definition is_aut :: "('a::field k10 \<Rightarrow> 'a k10) \<Rightarrow> bool" where
  "is_aut \<phi> \<longleftrightarrow> bij \<phi>
     \<and> (\<forall>x y. \<phi> (kadd x y) = kadd (\<phi> x) (\<phi> y))
     \<and> (\<forall>c x. \<phi> (ksmul c x) = ksmul c (\<phi> x))
     \<and> (\<forall>x y. \<phi> (kmult x y) = kmult (\<phi> x) (\<phi> y))
     \<and> (\<forall>x. even_part x = x \<longrightarrow> even_part (\<phi> x) = \<phi> x)
     \<and> (\<forall>x. odd_part x = x \<longrightarrow> odd_part (\<phi> x) = \<phi> x)"

definition kspan :: "'a::field k10 list \<Rightarrow> 'a k10 set" where
  "kspan vs = {foldr kadd (map2 ksmul cs vs) kzero | cs. length cs = length vs}"

definition M1 :: "'a::field k10 set" where
  "M1 = kspan [bv E, bv A, bv B, bv C1, bv C2, bv F]"

definition M2 :: "'a::field k10 set" where
  "M2 = kspan [bv E, bv F, bv A, bv P1, bv P2]"

definition M3 :: "'a::field k10 set" where
  "M3 = kspan [bv E, bv F, kadd (bv A) (bv B), bv C1, bv P1, bv Q1, kadd (bv P2) (bv Q2)]"

definition M4 :: "'a::field k10 set" where
  "M4 = kspan [bv E, bv F, bv A, bv B, bv C1, bv P1, bv Q1]"

end

theory Submission
  imports Defs
begin

text \<open>The odd part of \<open>K\<^sub>1\<^sub>0\<close> is the sum of \<open>X = span {p\<^sub>1 + q\<^sub>1, p\<^sub>2 - q\<^sub>2}\<close> and
  \<open>Y = span {p\<^sub>1 - q\<^sub>1, p\<^sub>2 + q\<^sub>2}\<close>. Explicit transvections act on \<open>X\<close> as \<open>SL\<^sub>2\<close> while fixing
  \<open>Y\<close>, and an involution exchanges \<open>X\<close> and \<open>Y\<close>. So a proper subalgebra either has zero odd
  part, or after an automorphism it contains \<open>p\<^sub>1\<close> (if some odd element has nonzero \<open>X\<close>- and
  \<open>Y\<close>-components) or \<open>p\<^sub>1 - q\<^sub>1\<close> (otherwise). As \<open>p\<^sub>1, p\<^sub>2, q\<^sub>1\<close> generate \<open>K\<^sub>1\<^sub>0\<close>, a short case
  analysis on the odd coordinates then puts the subalgebra, up to an automorphism, inside one
  of the four listed ones, with equality when it is maximal.\<close>

lemma of_nat_ne_zero_if_char:
  assumes "CHAR('a::semiring_1) \<noteq> n" and "\<And>d. d dvd n \<Longrightarrow> d = 1 \<or> d = n"
  shows "(of_nat n :: 'a) \<noteq> 0"
  using assms CHAR_not_1 of_nat_eq_0_iff_char_dvd by (metis One_nat_def)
★ ★ ★ ★ ★
— What this task involves —
Give the entries again in full, with nothing changed.

— The completed task —
definition is_aut :: "('a::field k10 \<Rightarrow> 'a k10) \<Rightarrow> bool" where
  "is_aut \<phi> \<longleftrightarrow> bij \<phi>
     \<and> (\<forall>x y. \<phi> (kadd x y) = kadd (\<phi> x) (\<phi> y))
     \<and> (\<forall>c x. \<phi> (ksmul c x) = ksmul c (\<phi> x))
     \<and> (\<forall>x y. \<phi> (kmult x y) = kmult (\<phi> x) (\<phi> y))
     \<and> (\<forall>x. even_part x = x \<longrightarrow> even_part (\<phi> x) = \<phi> x)
     \<and> (\<forall>x. odd_part x = x \<longrightarrow> odd_part (\<phi> x) = \<phi> x)"

definition kspan :: "'a::field k10 list \<Rightarrow> 'a k10 set" where
  "kspan vs = {foldr kadd (map2 ksmul cs vs) kzero | cs. length cs = length vs}"

definition M1 :: "'a::field k10 set" where
  "M1 = kspan [bv E, bv A, bv B, bv C1, bv C2, bv F]"

definition M2 :: "'a::field k10 set" where
  "M2 = kspan [bv E, bv F, bv A, bv P1, bv P2]"

definition M3 :: "'a::field k10 set" where
  "M3 = kspan [bv E, bv F, kadd (bv A) (bv B), bv C1, bv P1, bv Q1, kadd (bv P2) (bv Q2)]"

definition M4 :: "'a::field k10 set" where
  "M4 = kspan [bv E, bv F, bv A, bv B, bv C1, bv P1, bv Q1]"

end

theory Submission
  imports Defs
begin

text \<open>The odd part of \<open>K\<^sub>1\<^sub>0\<close> is the sum of \<open>X = span {p\<^sub>1 + q\<^sub>1, p\<^sub>2 - q\<^sub>2}\<close> and
  \<open>Y = span {p\<^sub>1 - q\<^sub>1, p\<^sub>2 + q\<^sub>2}\<close>. Explicit transvections act on \<open>X\<close> as \<open>SL\<^sub>2\<close> while fixing
  \<open>Y\<close>, and an involution exchanges \<open>X\<close> and \<open>Y\<close>. So a proper subalgebra either has zero odd
  part, or after an automorphism it contains \<open>p\<^sub>1\<close> (if some odd element has nonzero \<open>X\<close>- and
  \<open>Y\<close>-components) or \<open>p\<^sub>1 - q\<^sub>1\<close> (otherwise). As \<open>p\<^sub>1, p\<^sub>2, q\<^sub>1\<close> generate \<open>K\<^sub>1\<^sub>0\<close>, a short case
  analysis on the odd coordinates then puts the subalgebra, up to an automorphism, inside one
  of the four listed ones, with equality when it is maximal.\<close>

lemma of_nat_ne_zero_if_char:
  assumes "CHAR('a::semiring_1) \<noteq> n" and "\<And>d. d dvd n \<Longrightarrow> d = 1 \<or> d = n"
  shows "(of_nat n :: 'a) \<noteq> 0"
  using assms CHAR_not_1 of_nat_eq_0_iff_char_dvd by (metis One_nat_def)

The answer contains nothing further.